[GOAL OF THE EXERCISE] Each line of the data below from the one holding "define fam where" to the one holding "obtain F Y where", inclusive, is to be reproduced exactly; no other line belongs in the answer.

● ● ●

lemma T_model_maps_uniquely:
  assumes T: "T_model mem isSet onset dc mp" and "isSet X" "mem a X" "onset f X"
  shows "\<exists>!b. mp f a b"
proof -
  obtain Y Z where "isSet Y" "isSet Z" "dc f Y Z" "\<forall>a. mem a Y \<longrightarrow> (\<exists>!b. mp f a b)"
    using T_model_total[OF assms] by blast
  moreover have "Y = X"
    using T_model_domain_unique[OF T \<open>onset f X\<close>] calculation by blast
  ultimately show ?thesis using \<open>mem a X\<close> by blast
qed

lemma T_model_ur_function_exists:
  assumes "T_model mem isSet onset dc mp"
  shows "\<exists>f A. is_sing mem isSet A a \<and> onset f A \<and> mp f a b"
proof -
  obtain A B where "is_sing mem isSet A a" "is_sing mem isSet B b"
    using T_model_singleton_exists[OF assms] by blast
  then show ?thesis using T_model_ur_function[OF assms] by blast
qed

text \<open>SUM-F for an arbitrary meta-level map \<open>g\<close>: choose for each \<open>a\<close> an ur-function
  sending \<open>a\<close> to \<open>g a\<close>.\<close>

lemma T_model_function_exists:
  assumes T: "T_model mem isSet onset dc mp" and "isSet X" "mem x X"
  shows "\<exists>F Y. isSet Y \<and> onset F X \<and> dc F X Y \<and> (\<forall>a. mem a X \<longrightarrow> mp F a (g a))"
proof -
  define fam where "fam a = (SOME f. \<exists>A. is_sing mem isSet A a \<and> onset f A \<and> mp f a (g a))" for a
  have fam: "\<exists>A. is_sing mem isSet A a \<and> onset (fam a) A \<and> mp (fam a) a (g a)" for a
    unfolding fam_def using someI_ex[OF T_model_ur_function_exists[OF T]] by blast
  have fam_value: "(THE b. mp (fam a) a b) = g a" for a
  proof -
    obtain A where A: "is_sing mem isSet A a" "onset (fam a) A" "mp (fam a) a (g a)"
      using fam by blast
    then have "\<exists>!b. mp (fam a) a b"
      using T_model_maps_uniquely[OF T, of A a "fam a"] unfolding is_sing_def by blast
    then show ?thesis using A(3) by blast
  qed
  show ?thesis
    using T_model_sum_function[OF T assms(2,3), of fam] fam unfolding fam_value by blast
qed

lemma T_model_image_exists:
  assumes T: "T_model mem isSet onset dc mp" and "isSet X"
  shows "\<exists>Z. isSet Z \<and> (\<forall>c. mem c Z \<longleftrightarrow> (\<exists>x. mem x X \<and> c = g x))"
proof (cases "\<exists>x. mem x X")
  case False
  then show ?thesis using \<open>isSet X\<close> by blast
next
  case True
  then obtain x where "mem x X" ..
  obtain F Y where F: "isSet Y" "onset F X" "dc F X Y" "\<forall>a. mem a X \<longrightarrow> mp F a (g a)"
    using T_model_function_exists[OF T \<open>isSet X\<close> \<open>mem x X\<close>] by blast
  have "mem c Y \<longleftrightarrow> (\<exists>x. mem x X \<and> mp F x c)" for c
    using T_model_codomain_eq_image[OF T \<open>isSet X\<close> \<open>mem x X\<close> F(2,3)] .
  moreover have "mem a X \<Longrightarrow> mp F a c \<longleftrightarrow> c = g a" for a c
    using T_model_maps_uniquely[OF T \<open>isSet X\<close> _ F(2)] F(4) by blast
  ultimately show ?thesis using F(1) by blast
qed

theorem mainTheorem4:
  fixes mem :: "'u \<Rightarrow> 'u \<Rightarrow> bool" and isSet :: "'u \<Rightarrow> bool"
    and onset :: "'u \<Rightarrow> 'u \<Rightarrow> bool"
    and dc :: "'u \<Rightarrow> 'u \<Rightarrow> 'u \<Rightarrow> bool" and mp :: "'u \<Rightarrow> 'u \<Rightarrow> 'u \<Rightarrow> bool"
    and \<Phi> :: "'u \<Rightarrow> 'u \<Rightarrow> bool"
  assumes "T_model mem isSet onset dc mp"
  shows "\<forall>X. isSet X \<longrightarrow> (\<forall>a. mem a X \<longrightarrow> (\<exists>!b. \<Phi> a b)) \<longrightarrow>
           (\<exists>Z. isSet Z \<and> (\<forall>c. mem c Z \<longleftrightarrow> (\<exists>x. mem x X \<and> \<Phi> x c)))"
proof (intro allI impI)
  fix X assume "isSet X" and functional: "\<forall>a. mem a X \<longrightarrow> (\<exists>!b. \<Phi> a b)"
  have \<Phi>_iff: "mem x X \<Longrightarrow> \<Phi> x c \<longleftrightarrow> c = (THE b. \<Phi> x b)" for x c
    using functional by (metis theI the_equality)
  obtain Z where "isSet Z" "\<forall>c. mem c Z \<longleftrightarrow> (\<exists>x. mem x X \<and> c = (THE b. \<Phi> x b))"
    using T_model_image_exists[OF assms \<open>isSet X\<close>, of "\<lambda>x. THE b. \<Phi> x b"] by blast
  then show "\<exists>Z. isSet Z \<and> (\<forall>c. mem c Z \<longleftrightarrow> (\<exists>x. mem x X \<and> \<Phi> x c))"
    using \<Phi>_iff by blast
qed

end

● ● ●

[SOLVED EXERCISE]
  define fam where "fam a = (SOME f. \<exists>A. is_sing mem isSet A a \<and> onset f A \<and> mp f a (g a))" for a
  have fam: "\<exists>A. is_sing mem isSet A a \<and> onset (fam a) A \<and> mp (fam a) a (g a)" for a
    unfolding fam_def using someI_ex[OF T_model_ur_function_exists[OF T]] by blast
  have fam_value: "(THE b. mp (fam a) a b) = g a" for a
  proof -
    obtain A where A: "is_sing mem isSet A a" "onset (fam a) A" "mp (fam a) a (g a)"
      using fam by blast
    then have "\<exists>!b. mp (fam a) a b"
      using T_model_maps_uniquely[OF T, of A a "fam a"] unfolding is_sing_def by blast
    then show ?thesis using A(3) by blast
  qed
  show ?thesis
    using T_model_sum_function[OF T assms(2,3), of fam] fam unfolding fam_value by blast
qed

lemma T_model_image_exists:
  assumes T: "T_model mem isSet onset dc mp" and "isSet X"
  shows "\<exists>Z. isSet Z \<and> (\<forall>c. mem c Z \<longleftrightarrow> (\<exists>x. mem x X \<and> c = g x))"
proof (cases "\<exists>x. mem x X")
  case False
  then show ?thesis using \<open>isSet X\<close> by blast
next
  case True
  then obtain x where "mem x X" ..
  obtain F Y where F: "isSet Y" "onset F X" "dc F X Y" "\<forall>a. mem a X \<longrightarrow> mp F a (g a)"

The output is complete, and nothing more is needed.